Physiological Response to Moderate Exercise Workloads in a Pulmonary Rehabilitation Program in Patients With Airflow Obstruction: Rehabilitation Program
The patients performed an incremental symptom-limited cycle ergometer test that included a 3-min rest period and 3 min of unloaded pedaling, followed by an increase in work rate (WR) of 10 W every minute from a starting work rate of 20 W until exhaustion was apparent from the inability to maintain the pedaling cadence above 40 revolutions/min. The peak WR was defined as the highest work level reached and maintained for a full minute.
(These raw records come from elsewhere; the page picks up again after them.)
text \<open>Subtracting the recurrence at n from the one at n + 1 leaves a two-term recurrence.\<close>

lemma card_RLL_Suc:
  assumes "1 \<le> k" "k \<le> n" "1 \<le> q"
  shows "real (card (RLL q k (Suc n))) =
    real q * real (card (RLL q k n)) - (real q - 1) * real (card (RLL q k (n - k)))"
proof -
  define c where "c m = real (card (RLL q k m))" for m
  obtain p where k: "k = Suc p" using assms(1) by (cases k) auto
  define X where "X = (\<Sum>j<p. c (n - 1 - j))"
  have "c (Suc n) = (real q - 1) * (\<Sum>j<k. c (n - j))"
    using card_RLL_rec[of k "Suc n" q] assms unfolding c_def by (simp add: of_nat_diff)
  also have "(\<Sum>j<k. c (n - j)) = c n + X"
    unfolding k X_def sum.lessThan_Suc_shift by simp
  finally have next_step: "c (Suc n) = (real q - 1) * c n + (real q - 1) * X"
    by (simp add: distrib_left)
  have "c n = (real q - 1) * (\<Sum>j<k. c (n - 1 - j))"
    using card_RLL_rec[of k n q] assms unfolding c_def by (simp add: of_nat_diff)
  also have "(\<Sum>j<k. c (n - 1 - j)) = X + c (n - k)"
    unfolding k X_def sum.lessThan_Suc by simp
  finally have this_step: "c n = (real q - 1) * X + (real q - 1) * c (n - k)"
    by (simp add: distrib_left)
  from this_step have "(real q - 1) * X = c n - (real q - 1) * c (n - k)"
    by simp
  with next_step have "c (Suc n) = real q * c n - (real q - 1) * c (n - k)"
    by (simp add: algebra_simps)
  then show ?thesis unfolding c_def .
qed

lemma ratio_steps_iterate:
  fixes g :: "nat \<Rightarrow> real"
  assumes "\<And>i. a \<le> i \<Longrightarrow> i < a + d \<Longrightarrow> r * g i \<le> g (Suc i)" "0 \<le> r"
  shows "r ^ d * g a \<le> g (a + d)"
  using assms(1)
proof (induction d)
  case 0
  then show ?case by simp
next
  case (Suc d)
  then have "r * (r ^ d * g a) \<le> r * g (a + d)"
    using assms(2) by (intro mult_left_mono) auto
  also have "\<dots> \<le> g (Suc (a + d))"
    using Suc.prems by auto
  finally show ?case by (simp add: mult.assoc)
qed

lemma exp_neg_le_one_minus:
  fixes x :: real
  assumes "0 \<le> x" "x < 1"
  shows "exp (- (x / (1 - x))) \<le> 1 - x"
proof -
  have "1 / (1 - x) = 1 + x / (1 - x)"
    using assms by (simp add: field_simps)
  also have "\<dots> \<le> exp (x / (1 - x))"
    by (rule exp_ge_add_one_self)
  finally show ?thesis
    using assms by (simp add: exp_minus field_simps)
qed

text \<open>The factor \<beta> in the bound f (m - k) \<le> \<beta> f m for the delay recurrence below;
  lag_ratio_bound_ineq is exactly what makes the induction close.\<close>

definition lag_ratio_bound :: "nat \<Rightarrow> real \<Rightarrow> real \<Rightarrow> real" where
  "lag_ratio_bound k \<epsilon> \<delta> = 1 + 4 * (real k * \<epsilon> + \<delta>)"
theorem lemma2p2:
  fixes E :: "'v::finite \<Rightarrow> 'v \<Rightarrow> bool"
    and J\<nu> J\<mu> :: "'v \<Rightarrow> 'v \<Rightarrow> real" and h\<nu> h\<mu> :: "'v \<Rightarrow> real"
    and \<alpha> b :: real
  assumes "\<alpha> \<ge> 1" and "0 < b" and "b \<le> 1"
    and "simple_graph E"
    and "ising_model E J\<nu> h\<nu>" and "ising_model E J\<mu> h\<mu>"
    and "marginally_bounded b (gibbs J\<nu> h\<nu>)"
    and "marginally_bounded b (gibbs J\<mu> h\<mu>)"
  shows "chi_alpha_div \<alpha> (gibbs J\<nu> h\<nu>) (gibbs J\<mu> h\<mu>)
           \<ge> b powr (2 * \<alpha>) / 2 * d_par E J\<nu> h\<nu> J\<mu> h\<mu> powr \<alpha>"
proof -
  let ?d = "d_par E J\<nu> h\<nu> J\<mu> h\<mu>"
  let ?l1 = "\<Sum>\<sigma>\<in>UNIV. \<bar>gibbs J\<nu> h\<nu> \<sigma> - gibbs J\<mu> h\<mu> \<sigma>\<bar>"
  have d_par_le_l1: "b\<^sup>2 * ?d \<le> ?l1"
    using assms by (intro d_par_bound)
      (auto intro: ising_model_sym ising_model_diag ising_model_diff_support)
  have "b powr (2 * \<alpha>) / 2 * ?d powr \<alpha> = (b\<^sup>2 * ?d) powr \<alpha> / 2"
    using \<open>0 < b\<close> d_par_nonneg
    by (simp add: powr_mult powr_powr flip: powr_numeral)
  also have "\<dots> \<le> ?l1 powr \<alpha> / 2"
    using d_par_le_l1 \<open>\<alpha> \<ge> 1\<close>
    by (intro divide_right_mono powr_mono2) (simp_all add: d_par_nonneg)
  also have "\<dots> \<le> chi_alpha_div \<alpha> (gibbs J\<nu> h\<nu>) (gibbs J\<mu> h\<mu>)"
    using \<open>\<alpha> \<ge> 1\<close> by (intro chi_alpha_div_ge_l1 gibbs_pos sum_gibbs)
  finally show ?thesis .
qed

end
lemma algebraic_int_eigenvalue_power_int_mat:
  fixes B :: "int mat" and x :: complex
  assumes B: "B \<in> carrier_mat n n" and ev: "eigenvalue (map_mat of_int B) x"
  shows "algebraic_int (x ^ k)"
proof -
  have "eigenvalue (map_mat of_int (B ^\<^sub>m k) :: complex mat) (x ^ k)"
    using eigenvalue_mat_power[OF _ ev, of n k] B by (simp add: of_int_hom.mat_hom_pow)
  then show ?thesis
    using B by (intro algebraic_int_eigenvalue_int_mat[of "B ^\<^sub>m k" n]) auto
qed

lemma sum_lessThan_mult:
  fixes r :: nat
  shows "(\<Sum>z<N * r. g z) = (\<Sum>j<N. \<Sum>t<r. g (j * r + t))"
proof -
  have "(\<Sum>z\<in>{j * r..<j * r + r}. g z) = (\<Sum>t<r. g (j * r + t))" for j
    using sum.shift_bounds_nat_ivl[of g 0 "j * r" r] by (simp add: atLeast0LessThan add.commute)
  then show ?thesis
    using sum.nat_group[of g r N] by simp
qed

lemma sum_distinct_list_delta:
  assumes "distinct rs" "z \<in> set rs"
  shows "(\<Sum>t<length rs. if rs ! t = z then f (rs ! t) else 0) = f z"
proof -
  obtain t0 where t0: "t0 < length rs" "rs ! t0 = z"
    using assms(2) by (auto simp: in_set_conv_nth)
  have "(\<Sum>t<length rs. if rs ! t = z then f (rs ! t) else 0) =
      (\<Sum>t<length rs. if t = t0 then f z else 0)"
    using assms(1) t0 by (intro sum.cong) (auto simp: nth_eq_iff_index_eq)
  then show ?thesis using t0 by simp
qed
The rehabilitation strategy was a comprehensive program that included modalities of exercise training, breathing control techniques, disease education, and instruction in the use of medication. There was no weight training component. The exercise training component consisted of the following sequence: (1) cycling on a calibrated cycle ergometer (824E; Monark; ); (2) walking on level ground; and finally (3) walking on an inclined nonmotorized treadmill (Woodway; Waukesha, WA) for a total of 60 min (including periods of rest) twice weekly for 12 consecutive weeks. The exercise training protocol is shown in Figure 1. Monitoring during exercise sessions was conducted by a physiotherapist and involved measurements of HR and Sao2.
The initial exercise level for cycling was defined as previously described by Niederman et al, namely 50% of the maximal WR attained in the baseline incremental symptom-limited cycle ergometer evaluation. Hence, at the first exercise session, patients cycled at this workload for 20 min unless symptomatic (leg pain, severe dyspnea) or physiologic end points (a HR > 80% of the maximal age-predicted HR or Sao2 < 85%) were exceeded earlier. At subsequent sessions, this same WR was applied until the patient could sustain it for 20 min. birthcontroltab.com
The exercise prescription was revised weekly by a physiologist. Once an individual could exercise at the prescribed work level for 20 min, the WR was increased by approximately 25%, and again this level was continued until it could be sustained for 20 min. Following the completion of cycling exercise, the patients walked on the horizontal for 10 min at a training intensity that was targeted at the highest pace that could be tolerated by each individual patient. The targeted walking speed was gauged to result in a HR of approximately 70% of the maximal age-predicted HR. Walking on the horizontal was subsequently followed by five 1-min bouts on a treadmill with 10% inclination at a speed of 3.0 km/h, unless the previously described symptomatic or physiologic end points were exceeded earlier. The patients who were unable at the beginning of the program to exercise for a full minute were allowed to stop before attempting again. Each 1-min bout was followed by 1 min of rest. The walking exercise prescription was kept constant throughout the 12 weeks. The patients exercised at a fairly steady WR for the entire duration of the three exercise modes, with only 5 min of cool-down periods on the bicycle ergometer at a low pedaling frequency, and three 5-min rest periods in between the remaining exercise modes (Fig 1).
Figure 1. Diagram of the exercise rehabilitation training program.